Russel's device detects the position of the tongue against the palate using a system manufactured by two companies called Logometrix and Complete Speech. The customised palatometer detects the tongue position during speech. This information is fed to a machine learning algorithm that interprets what the patient is saying and a voice synthesiser produces the speech.

According to Russell, the system can recognise 50 words and identifies the correct word 94.14% of the time but also skips words that it can't identify 18% of the time.

The intention in 2009 was to miniaturise the system, which at that time was linked to a desktop PC.

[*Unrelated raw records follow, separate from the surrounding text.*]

lemma d_fun_prime_factorization:
  assumes "0 < n"
  shows "d_fun m n = (\<Prod>p\<in>prime_factors n. (multiplicity p n + m - 1) choose multiplicity p n)"
  using assms
proof (induction m arbitrary: n)
  case 0
  show ?case
  proof (cases "n = 1")
    case False
    then obtain p where p: "p \<in> prime_factors n"
      using 0 by (metis prime_factor_nat prime_factorsI not_gr0)
    then have "0 < multiplicity p n"
      by (simp add: prime_factors_multiplicity)
    then have "(\<Prod>q\<in>prime_factors n. (multiplicity q n + 0 - 1) choose multiplicity q n) = 0"
      using p by (intro prod_zero bexI[OF _ p]) simp_all
    then show ?thesis
      using False by (simp add: d_fun_0)
  qed (simp add: d_fun_0)
next
  case (Suc m)
  have "d_fun (Suc m) n = (\<Sum>x | x dvd n. d_fun m x)"
    using d_fun_Suc[OF Suc.prems] .
  also have "\<dots> = (\<Sum>x | x dvd n. \<Prod>p\<in>prime_factors n. (multiplicity p x + m - 1) choose multiplicity p x)"
  proof (intro sum.cong refl)
    fix x assume "x \<in> {x. x dvd n}"
    then have "0 < x" "prime_factors x \<subseteq> prime_factors n"
      using Suc.prems by (auto simp: in_prime_factors_iff intro: dvd_trans dvd_pos_nat)
    then have "d_fun m x = (\<Prod>p\<in>prime_factors x. (multiplicity p x + m - 1) choose multiplicity p x)"
      by (intro Suc.IH)
    also have "\<dots> = (\<Prod>p\<in>prime_factors n. (multiplicity p x + m - 1) choose multiplicity p x)"
      using \<open>prime_factors x \<subseteq> prime_factors n\<close>
      by (intro prod.mono_neutral_left[OF finite_set_mset]) (auto simp: prime_factors_multiplicity)
    finally show "d_fun m x = \<dots>" .
  qed
  also have "\<dots> = (\<Prod>p\<in>prime_factors n. \<Sum>e\<le>multiplicity p n. (e + m - 1) choose e)"
    by (rule sum_divisors_prod_multiplicity[OF Suc.prems])
  also have "\<dots> = (\<Prod>p\<in>prime_factors n. (multiplicity p n + Suc m - 1) choose multiplicity p n)"
    by (simp only: sum_choose_pred_lower) simp
  finally show ?case .
qed
theorem mainTheorem5:
  shows "\<exists>F R. cov_star_family Spl F \<and> (\<forall>F'. cov_star_family Spl F' \<longrightarrow> (card_of F, card_of F') \<in> ordLeq)
              \<and> reaping_family R \<and> (\<forall>R'. reaping_family R' \<longrightarrow> (card_of R, card_of R') \<in> ordLeq)
              \<and> (card_of F, card_of R) \<in> ordIso"
proof -
  obtain R where R: "reaping_family R" and R_min: "\<forall>R'. reaping_family R' \<longrightarrow> |R| \<le>o |R'|"
    using exists_card_minimal[of reaping_family, OF reaping_family_infinite_sets] by blast
  obtain F where F: "cov_star_family Spl F" and F_min: "\<forall>F'. cov_star_family Spl F' \<longrightarrow> |F| \<le>o |F'|"
    using exists_card_minimal[of "cov_star_family Spl", OF cov_star_family_reaping_cover[OF R]] by blast
  have "|F| \<le>o |R|"
    using F_min cov_star_family_reaping_cover[OF R] card_of_reaping_cover[OF reaping_family_infinite[OF R]]
      ordLeq_transitive by blast
  moreover have "|R| \<le>o |F|"
    using R_min reaping_family_Spl_generators[OF F] card_of_Spl_generators[OF F] ordLeq_transitive by blast
  ultimately have "|F| =o |R|" by (simp add: ordIso_iff_ordLeq)
  with F F_min R R_min show ?thesis by blast
qed

end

== Selected publications ==
- Megan J. Russell, D. M. Rubin, B. Wigdorowitz, T. Marwala. 2008, The Artificial Larynx: A Review of Current Technology and a Proposal for Future Development. 14th Nordic-Baltic Conference on Biomedical Engineering and Medical Physics Volume 20 of the series IFMBE Proceedings pp 160–163
- Megan J. Russell, Andre Nel, T. Marwala, 2012, ARMA Analysis of Chest X-rays for Computer Assisted Detection of Tuberculosis World Congress on Medical Physics and Biomedical Engineering, Beijing, China.
- Russell, Megan J. (2007). "2007 29th Annual International Conference of the IEEE Engineering in Medicine and Biology Society"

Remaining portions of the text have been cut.